We took our 12.5" F8 Newtonian Dob up to a crowded camp site on the 4th of July a few years back, we had it sitting in a shady spot by the road with the shroud in place. Every car that came by stopped to ask what it was, and most of them tried to guess before asking. Every single one of them thought it was a canon, and the camp host even came to investigate to make sure we weren't lighting off some sort of explosive. I guess maybe someone didn't believe it was a scope and went to alert the host. I bet you'd scare those poor kids hair white if you launched a doll out of a scope! It might scar them for life. Of course in a twisted way it would be sort of fun to see what reaction you got. Just Joking!
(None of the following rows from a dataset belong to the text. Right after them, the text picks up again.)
(* Let $0\le\alpha<1$ and $K_\alpha:=\operatorname{conv}\{\pm(1,\alpha),\pm(0,1)\}\subseteq\mathbb{R}^2$. Then $\mu_2(K_\alpha)=\frac12\max\{1+\alpha,2-\alpha\}$.
   Context: For a closed convex set $K\subseteq\mathbb{R}^2$ with non-empty interior, $\mu_2(K):=\inf\{t\ge0: tK+\mathbb{Z}^2=\mathbb{R}^2\}$ (the second covering minimum, or inhomogeneous minimum). *)

theory Defs
  imports "HOL-Analysis.Analysis"
begin

definition int_lattice2 :: "(real \<times> real) set" where
  "int_lattice2 = {(of_int a, of_int b) | a b :: int. True}"

definition covering_minimum2 :: "(real \<times> real) set \<Rightarrow> real" where
  "covering_minimum2 K =
     Inf {t. t \<ge> 0 \<and> (\<lambda>(y, z). t *\<^sub>R y + z) ` (K \<times> int_lattice2) = UNIV}"

definition K_alpha :: "real \<Rightarrow> (real \<times> real) set" where
  "K_alpha \<alpha> = convex hull {(1, \<alpha>), (-1, -\<alpha>), (0, 1), (0, -1)}"

end

theory Submission
  imports Defs
begin

text \<open>Under the shear \<open>(u, y) \<mapsto> (u, y - \<alpha> u)\<close>, \<open>K_alpha \<alpha>\<close> is the unit ball of
  \<open>|u| + |y - \<alpha> u|\<close>, so \<open>t K + \<int>\<^sup>2\<close> covers the plane iff every point lies within distance \<open>t\<close>
  of the lattice in this norm. For the upper bound, put \<open>x = m + s\<close> with \<open>0 \<le> s < 1\<close> and
  compare the lattice columns \<open>m\<close> and \<open>m + 1\<close>: suitable integers \<open>b1, b2\<close> make the sum of the two
  distances at most \<open>1 + max \<alpha> (1 - \<alpha>)\<close>. The lower bound comes from the points
  \<open>(1/2, 1/2)\<close> and \<open>(1/2, 0)\<close>, whose distances to the lattice are \<open>1 - \<alpha>/2\<close> and \<open>(1 + \<alpha>)/2\<close>.\<close>

definition shear_norm :: "real \<Rightarrow> real \<times> real \<Rightarrow> real" where
  "shear_norm \<alpha> p = \<bar>fst p\<bar> + \<bar>snd p - \<alpha> * fst p\<bar>"

lemma shear_norm_Pair [simp]: "shear_norm \<alpha> (u, y) = \<bar>u\<bar> + \<bar>y - \<alpha> * u\<bar>"
  by (simp add: shear_norm_def)

lemma shear_norm_scaleR: "shear_norm \<alpha> (c *\<^sub>R p) = \<bar>c\<bar> * shear_norm \<alpha> p"
proof -
  have "c * snd p - \<alpha> * (c * fst p) = c * (snd p - \<alpha> * fst p)"
    by (simp add: algebra_simps)
  then show ?thesis by (simp add: shear_norm_def abs_mult distrib_left)
qed

lemma shear_norm_triangle: "shear_norm \<alpha> (p + q) \<le> shear_norm \<alpha> p + shear_norm \<alpha> q"
proof -
  have "snd p + snd q - \<alpha> * (fst p + fst q) = (snd p - \<alpha> * fst p) + (snd q - \<alpha> * fst q)"
    by (simp add: algebra_simps)
  then show ?thesis
    unfolding shear_norm_def fst_add snd_add
    by (smt (verit) abs_triangle_ineq)
qed

lemma shear_norm_nonneg: "0 \<le> shear_norm \<alpha> p"
  by (simp add: shear_norm_def)

lemma shear_norm_eq_0_iff: "shear_norm \<alpha> p = 0 \<longleftrightarrow> p = 0"
  by (cases p) (auto simp: zero_prod_def add_nonneg_eq_0_iff)

lemma convex_shear_norm_sublevel: "convex {p. shear_norm \<alpha> p \<le> r}"
proof (rule convexI)
  fix p q and a b :: real
  assume "p \<in> {p. shear_norm \<alpha> p \<le> r}" "q \<in> {p. shear_norm \<alpha> p \<le> r}"
    and ab: "0 \<le> a" "0 \<le> b" "a + b = 1"
  then have "shear_norm \<alpha> (a *\<^sub>R p + b *\<^sub>R q) \<le> a * r + b * r"
    using shear_norm_triangle[of \<alpha> "a *\<^sub>R p" "b *\<^sub>R q"]
    by (simp add: shear_norm_scaleR add_mono mult_left_mono order_trans)
  with ab show "a *\<^sub>R p + b *\<^sub>R q \<in> {p. shear_norm \<alpha> p \<le> r}"
    by (simp add: distrib_right[symmetric])
qed

lemma K_alpha_eq: "K_alpha \<alpha> = {p. shear_norm \<alpha> p \<le> 1}"
proof
  show "K_alpha \<alpha> \<subseteq> {p. shear_norm \<alpha> p \<le> 1}"
    unfolding K_alpha_def
    by (intro hull_minimal convex_shear_norm_sublevel) auto
next
  show "{p. shear_norm \<alpha> p \<le> 1} \<subseteq> K_alpha \<alpha>"
  proof safe
    fix u y assume "shear_norm \<alpha> (u, y) \<le> 1"
    define k where "k = y - \<alpha> * u"
    define r where "r = 1 - \<bar>u\<bar> - \<bar>k\<bar>"
    have "r \<ge> 0"
      using \<open>shear_norm \<alpha> (u, y) \<le> 1\<close> by (simp add: r_def k_def)
    define S :: "(real \<times> real) set" where "S = {(1, \<alpha>), (-1, -\<alpha>), (0, 1), (0, -1)}"
    \<comment> \<open>The positive and negative parts of \<open>u\<close> and \<open>k\<close>, with the slack \<open>r\<close> split evenly between \<open>\<plusminus>(0,1)\<close>.\<close>
    define c where "c = (\<lambda>p :: real \<times> real.
      if p = (1, \<alpha>) then max u 0 else if p = (-1, -\<alpha>) then max (-u) 0
      else if p = (0, 1) then max k 0 + r/2 else max (-k) 0 + r/2)"
    have "(\<forall>x\<in>S. 0 \<le> c x) \<and> sum c S = 1 \<and> (\<Sum>x\<in>S. c x *\<^sub>R x) = (u, y)"
      using \<open>r \<ge> 0\<close> by (auto simp: S_def c_def r_def k_def max_def)
    then show "(u, y) \<in> K_alpha \<alpha>"
      unfolding K_alpha_def by (subst convex_hull_finite) (auto simp: S_def)
  qed
qed

lemma scaled_K_alpha_plus_lattice_eq_UNIV_iff:
  assumes "0 \<le> t"
  shows "(\<lambda>(y, z). t *\<^sub>R y + z) ` (K_alpha \<alpha> \<times> int_lattice2) = UNIV \<longleftrightarrow>
    (\<forall>x y. \<exists>a b :: int. shear_norm \<alpha> (x - of_int a, y - of_int b) \<le> t)"
    (is "?covers \<longleftrightarrow> ?close")
proof
  assume ?covers
  show ?close
  proof (intro allI)
    fix x y
    have "(x, y) \<in> (\<lambda>(y, z). t *\<^sub>R y + z) ` (K_alpha \<alpha> \<times> int_lattice2)"
      using \<open>?covers\<close> by simp
    then obtain k z where "k \<in> K_alpha \<alpha>" "z \<in> int_lattice2" "(x, y) = t *\<^sub>R k + z"
      by auto
    moreover obtain a b :: int where "z = (of_int a, of_int b)"
      using \<open>z \<in> int_lattice2\<close> by (auto simp: int_lattice2_def)
    ultimately have "(x - of_int a, y - of_int b) = t *\<^sub>R k"
      by (auto simp: prod_eq_iff)
    then have "shear_norm \<alpha> (x - of_int a, y - of_int b) = t * shear_norm \<alpha> k"
      using assms by (simp only: shear_norm_scaleR abs_of_nonneg)
    also have "\<dots> \<le> t"
      using \<open>k \<in> K_alpha \<alpha>\<close> assms by (simp add: K_alpha_eq mult_left_le)
    finally show "\<exists>a b :: int. shear_norm \<alpha> (x - of_int a, y - of_int b) \<le> t" by blast
  qed
next
  assume ?close
  have "p \<in> (\<lambda>(y, z). t *\<^sub>R y + z) ` (K_alpha \<alpha> \<times> int_lattice2)" for p
  proof -
    obtain x y where p: "p = (x, y)" by (cases p)
    obtain a b :: int where "shear_norm \<alpha> (x - of_int a, y - of_int b) \<le> t"
      using \<open>?close\<close> by blast
    moreover define z :: "real \<times> real" where "z = (of_int a, of_int b)"
    ultimately have close: "shear_norm \<alpha> (p - z) \<le> t" by (simp add: p)
    define k where "k = (1 / t) *\<^sub>R (p - z)"
    have "p = t *\<^sub>R k + z"
    proof (cases "t = 0")
      case True
      then have "shear_norm \<alpha> (p - z) = 0"
        using close by (simp add: order_antisym shear_norm_nonneg)
      then show ?thesis using True by (simp add: shear_norm_eq_0_iff)
    qed (simp add: k_def)
    moreover have "k \<in> K_alpha \<alpha>"
      using close assms by (auto simp: K_alpha_eq k_def shear_norm_scaleR divide_le_eq_1)
    moreover have "z \<in> int_lattice2" by (auto simp: z_def int_lattice2_def)
    ultimately show ?thesis by (auto intro: image_eqI[of _ _ "(k, z)"])
  qed
  then show ?covers by blast
qed

lemma exists_int_pair_close:
  fixes \<alpha> w :: real
  assumes "0 \<le> \<alpha>" "\<alpha> \<le> 1"
  shows "\<exists>b1 b2 :: int. \<bar>w - of_int b1\<bar> + \<bar>w + \<alpha> - of_int b2\<bar> \<le> max \<alpha> (1 - \<alpha>)"
proof -
  define n where "n = \<lfloor>w\<rfloor>"
  have n: "of_int n \<le> w" "w < of_int n + 1"
    unfolding n_def by linarith+
  show ?thesis
  proof (cases "w + \<alpha> \<le> of_int n + 1")
    case True
    then show ?thesis
      using n assms by (intro exI[of _ n] exI[of _ "n + 1"]) auto
  next
    case False
    then show ?thesis
      using n assms by (intro exI[of _ "n + 1"] exI[of _ "n + 1"]) auto
  qed
qed

lemma exists_lattice_point_shear_norm_le:
  fixes \<alpha> x y :: real
  assumes "0 \<le> \<alpha>" "\<alpha> \<le> 1"
  shows "\<exists>a b :: int. shear_norm \<alpha> (x - of_int a, y - of_int b) \<le> (1/2) * max (1 + \<alpha>) (2 - \<alpha>)"
proof -
  define m where "m = \<lfloor>x\<rfloor>"
  define s where "s = x - of_int m"
  have s: "0 \<le> s" "s < 1"
    unfolding s_def m_def by linarith+
  obtain b1 b2 :: int
    where close: "\<bar>y - \<alpha> * s - of_int b1\<bar> + \<bar>y - \<alpha> * s + \<alpha> - of_int b2\<bar> \<le> max \<alpha> (1 - \<alpha>)"
    using exists_int_pair_close[OF assms] by blast
  have left: "shear_norm \<alpha> (x - of_int m, y - of_int b1) = s + \<bar>y - \<alpha> * s - of_int b1\<bar>"
    using s by (simp add: s_def algebra_simps)
  have right: "shear_norm \<alpha> (x - of_int (m + 1), y - of_int b2) = (1 - s) + \<bar>y - \<alpha> * s + \<alpha> - of_int b2\<bar>"
    using s by (simp add: s_def algebra_simps)
  have max_eq: "max (1 + \<alpha>) (2 - \<alpha>) = 1 + max \<alpha> (1 - \<alpha>)"
    by (simp add: max_def)
  have "shear_norm \<alpha> (x - of_int m, y - of_int b1) \<le> (1/2) * max (1 + \<alpha>) (2 - \<alpha>) \<or>
      shear_norm \<alpha> (x - of_int (m + 1), y - of_int b2) \<le> (1/2) * max (1 + \<alpha>) (2 - \<alpha>)"
    unfolding left right max_eq using close by argo
  then show ?thesis by blast
qed

lemma abs_half_minus_int_ge:
  fixes a :: int
  assumes "a \<noteq> 0" "a \<noteq> 1"
  shows "3/2 \<le> \<bar>1/2 - real_of_int a\<bar>"
proof -
  have "a \<le> -1 \<or> a \<ge> 2" using assms by linarith
  then show ?thesis by auto
qed

lemma shear_norm_half_half_ge:
  fixes a b :: int
  assumes "0 \<le> \<alpha>" "\<alpha> \<le> 1"
  shows "1 - \<alpha>/2 \<le> shear_norm \<alpha> (1/2 - of_int a, 1/2 - of_int b)"
proof (cases "a = 0 \<or> a = 1")
  case True
  then show ?thesis using assms by (cases "b \<le> 0") auto
next
  case False
  then show ?thesis using abs_half_minus_int_ge[of a] assms by auto
qed

lemma shear_norm_half_zero_ge:
  fixes a b :: int
  assumes "0 \<le> \<alpha>" "\<alpha> \<le> 1"
  shows "1/2 + \<alpha>/2 \<le> shear_norm \<alpha> (1/2 - of_int a, - of_int b)"
proof (cases "a = 0 \<or> a = 1")
  case True
  then show ?thesis using assms by (cases "b \<le> -1 \<or> b \<ge> 1") auto
next
  case False
  then show ?thesis using abs_half_minus_int_ge[of a] assms by auto
qed

theorem lemma16:
  fixes \<alpha> :: real
  assumes "0 \<le> \<alpha>" and "\<alpha> < 1"
  shows "covering_minimum2 (K_alpha \<alpha>) = (1/2) * max (1 + \<alpha>) (2 - \<alpha>)"
proof -
  define \<mu> where "\<mu> = (1/2) * max (1 + \<alpha>) (2 - \<alpha>)"
  let ?T = "{t. t \<ge> 0 \<and> (\<lambda>(y, z). t *\<^sub>R y + z) ` (K_alpha \<alpha> \<times> int_lattice2) = UNIV}"
  have \<alpha>: "0 \<le> \<alpha>" "\<alpha> \<le> 1" using assms by simp_all
  have "\<mu> \<ge> 0" using assms by (simp add: \<mu>_def max_def)
  then have "\<mu> \<in> ?T"
    using exists_lattice_point_shear_norm_le[OF \<alpha>]
    by (simp add: scaled_K_alpha_plus_lattice_eq_UNIV_iff \<mu>_def)
  moreover have "\<mu> \<le> t" if "t \<in> ?T" for t
  proof -
    have close: "\<forall>x y. \<exists>a b :: int. shear_norm \<alpha> (x - of_int a, y - of_int b) \<le> t"
      using that scaled_K_alpha_plus_lattice_eq_UNIV_iff by blast
    obtain a b :: int where "shear_norm \<alpha> (1/2 - of_int a, 1/2 - of_int b) \<le> t"
      using close by blast
    with shear_norm_half_half_ge[OF \<alpha>] have "1 - \<alpha>/2 \<le> t" by (rule order_trans)
    obtain a' b' :: int where "shear_norm \<alpha> (1/2 - of_int a', - of_int b') \<le> t"
      using close[rule_format, of "1/2" 0] by auto
    with shear_norm_half_zero_ge[OF \<alpha>] have "1/2 + \<alpha>/2 \<le> t" by (rule order_trans)
    with \<open>1 - \<alpha>/2 \<le> t\<close> show ?thesis by (simp add: \<mu>_def max_def)
  qed
  ultimately show ?thesis
    unfolding covering_minimum2_def \<mu>_def[symmetric] by (rule cInf_eq_minimum)
qed

end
What would be really fun would be to make a scope that shot out candy, then all of that giving candy for questions we cant answer problem would be solved, the kids mouths would be too full to ask any. :) Lisa Zeigler www.johnstelescopes.com www.mirrorkits.com -----Original Message----- From: diveboss@xmission.com [mailto:diveboss@xmission.com] Sent: Sunday, September 26, 2004 9:20 PM To: Utah Astronomy Subject: RE: [Utah-astronomy] Star party etiquette for crumb crunchersandparents That's not a bad idea Lisa!!! I have a friend who has a black powder canon that looks like a Dobsonian Telescope. I'll bet if I were to glue an old focuser assy on the side, fill it with powder and stuff a life size doll down the tube and touched it off in front of the kids, launching the lifeless doll several blocks, I'll bet that would take care of any questions the kids may have. ;) Just kidding. Actually that would be fun to do at SPOC. Maybe strap a skate board to the feet of the life size doll just for laughs... ;) Still kidding! Quoting John and Lisa Zeigler <john@johnstelescopes.com>:
Solid tube Newtonian telescopes, no matter how much they look like trash cans or basket ball hoops are not for throwing things into. My very little kids have hammered one of our mirrors on a scope that sits
in the corner of our living room by putting toys "down the tube". Luckily it's a demo scope for teaching kids at schools about scopes.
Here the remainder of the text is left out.